I needn’t have worried. Now Schechter is back with his follow-up, Life of Crime, and it not only delivers on the expectations set up by his previous film, it exceeds them. Based on Elmore Leonard’s novel The Switch, it tells the story of a kidnapping scam that goes awry when the victim’s husband decides that he doesn’t want his wife back. If this sounds familiar, like a retread of Ruthless People or The Ransom of Red Chief, that’s only because a mere description of the plot is a very inadequate way to sum up any Elmore Leonard story — or any Daniel Schechter film. Leonard, whose works also served as the basis for Out of Sight, Jackie Brown, Get Shorty, and the classic Westerns Hombre and The Tall T, is all about behavior — his plots are mere pretexts for getting at what really concerns him: the human condition in all its ridiculousness, poignancy and unfathomability.

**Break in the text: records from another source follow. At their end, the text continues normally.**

lemma three_le_card_Inc_if_join_irreducible:
  assumes ji: "join_irreducible S le y"
  shows "3 \<le> card Inc"
proof (rule ccontr)
  assume "\<not> 3 \<le> card Inc"
  then have few: "card Inc \<le> 2" by simp
  show False
  proof (cases "\<exists>w \<in> Inc. w \<noteq> y \<and> le y w")
    case False
    then have "Inc \<inter> up_set S le y \<subseteq> {y}"
      unfolding up_set_def by blast
    then have "card (Inc \<inter> up_set S le y) \<le> 1"
      using card_mono[of "{y}"] by fastforce
    moreover have "1 \<le> card Inc"
      using finite_Inc y_incomparable by (simp add: Suc_le_eq card_gt_0_iff) blast
    ultimately show False
      using not_join_irreducible_if_few_incomparables_above[OF y_incomparable le_j]
        two_le_card_down_set ji by linarith
  next
    case True
    then obtain w where w: "w \<in> Inc" "w \<noteq> y" "le y w" by blast
    have wS: "w \<in> S"
      using w(1) unfolding incomparables_def by blast
    have Inc: "Inc = {y, w}"
      by (rule Inc_eq_pair[OF few w(1,2)])
    then have card_Inc: "card Inc = 2"
      using w(2) by simp
    have "card (Inc \<inter> up_set S le y) \<le> 2"
      using card_mono[OF finite_Inc, of "Inc \<inter> up_set S le y"] few by simp
    then have "card (down_set S le x) \<le> 2"
      using not_join_irreducible_if_few_incomparables_above[OF y_incomparable le_j] card_Inc ji
      by linarith
    then have ji_w: "join_irreducible S le w"
      using three_le_card_down_set_if_not_join_irreducible[OF x_in x_not_least w(1) y_incomparable
          w(3) w(2)[symmetric]] Inc by fastforce
    have "Inc \<inter> up_set S le w \<subseteq> {w}"
      using Inc antisym_le[OF y_in wS w(3)] w(2) unfolding up_set_def by auto
    then have "card (Inc \<inter> up_set S le w) \<le> 1"
      using card_mono[of "{w}"] by fastforce
    moreover have above_join: "le j v" if "v \<in> S" "le x v" "le w v" for v
      using le_j[OF that(1,2) trans_le[OF y_in wS that(1) w(3) that(3)]] .
    ultimately show False
      using not_join_irreducible_if_few_incomparables_above[OF w(1) above_join]
        two_le_card_down_set card_Inc ji_w by linarith
  qed
qed

lemma three_le_card_Inc_if_not_join_irreducible:
  assumes not_ji: "\<not> join_irreducible S le y"
  shows "3 \<le> card Inc"
proof (rule ccontr)
  assume "\<not> 3 \<le> card Inc"
  then have few: "card Inc \<le> 2" by simp
  obtain w where w: "w \<in> Inc" "le w y" "w \<noteq> y"
    using join_irreducible_if_no_incomparable_below[OF x_in y_incomparable] not_ji by blast
  have wS: "w \<in> S"
    using w(1) unfolding incomparables_def by blast
  have Inc: "Inc = {y, w}"
    by (rule Inc_eq_pair[OF few w(1,3)])
  then have card_Inc: "card Inc = 2" and pair: "\<And>v. v \<in> Inc \<Longrightarrow> v = y \<or> v = w"
    using w(3) by auto
  have ji_w: "join_irreducible S le w"
    using join_irreducible_if_no_incomparable_below[OF x_in w(1)] pair
      antisym_le[OF wS y_in w(2)] w(3) by blast
  have join_eq: "join w (meet x y) = y"
    by (rule join_meet_eq_if_not_join_irreducible[OF x_in y_incomparable w(1,2) pair not_ji])
  have above_join: "le j v" if v: "v \<in> S" "le x v" "le w v" for v
  proof -
    have "le (meet x y) v"
      using trans_le[OF meet_in[OF x_in y_in] x_in v(1) meet_lower1[OF x_in y_in] v(2)] .
    then have "le y v"
      using join_least[OF wS meet_in[OF x_in y_in] v(1) v(3)] join_eq by simp
    then show ?thesis
      using le_j[OF v(1,2)] by blast
  qed
  have "3 \<le> card (down_set S le x)"
    by (rule three_le_card_down_set_if_not_join_irreducible[OF x_in x_not_least y_incomparable
          w(1,2,3) pair not_ji])
  moreover have "card (Inc \<inter> up_set S le w) \<le> 2"
    using card_mono[OF finite_Inc, of "Inc \<inter> up_set S le w"] few by simp
  ultimately show False
    using not_join_irreducible_if_few_incomparables_above[OF w(1) above_join] card_Inc ji_w
    by linarith
qed

lemma three_le_card_Inc: "3 \<le> card Inc"
  using three_le_card_Inc_if_join_irreducible three_le_card_Inc_if_not_join_irreducible by blast

end

theorem corollary2p14:
  fixes S :: "'a set" and le :: "'a \<Rightarrow> 'a \<Rightarrow> bool"
  assumes "min_counterexample S le"
  shows "\<forall>x \<in> S - {least_elem S le, greatest_elem S le}.
           card {y \<in> S. \<not> le x y \<and> \<not> le y x} \<ge> 3"
proof
  fix x assume x: "x \<in> S - {least_elem S le, greatest_elem S le}"
  have ce: "counterexample S le"
    and minimal: "\<And>S' le'. counterexample (S' :: 'a set) le' \<Longrightarrow> card S \<le> card S'"
    using assms unfolding min_counterexample_def by blast+
  then interpret fin_lattice S le
    by unfold_locales (simp add: counterexample_def)
  have ji_large: "\<And>u. join_irreducible S le u \<Longrightarrow> card S < 2 * card (up_set S le u)"
    using ce unfolding counterexample_def join_irreducible_def by blast
  have "up_set S le x \<subset> S"
    using x least_elem antisym_le unfolding up_set_def by blast
  then have smaller: "card (up_set S le x) < card S"
    by (rule psubset_card_mono[OF finite_carrier])
  then have "\<not> counterexample (up_set S le x) le"
    using minimal by fastforce
  then obtain y j where "y \<in> incomparables S le x" "is_lub S le x y j"
    "2 * card (up_set S le j) \<le> card (up_set S le x)"
    using small_join_above[OF _ _ smaller _ ji_large] x by blast
  then interpret incomparable_join S le x y j
    using x ji_large by unfold_locales blast+
  show "card {y \<in> S. \<not> le x y \<and> \<not> le y x} \<ge> 3"
    using three_le_card_Inc unfolding incomparables_def .
qed

end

Given this, Schechter is an ideal filmmaker to adapt Leonard’s work, since he shares the author’s wry but humane point of view and his interest in why people behave in the ways that they do, even when their actions go against their own interests. Life of Crime has more in common with a film like Robert Altman’s The Long Goodbye than it does with other kidnapping and caper movies, in that it’s less about generating suspense and more about generating interest — interest in the characters and how they relate to each other, and how they see themselves, and how they change (or don’t change) their lives. The film not only takes place in the 1970s,it feels as though it could have been released then, alongside The Friends of Eddie Coyle and Hal Ashby’s movies and The King of Marvin Gardens; it’s got a kind of confident, unforced charm and a relaxed pace that sucks you in.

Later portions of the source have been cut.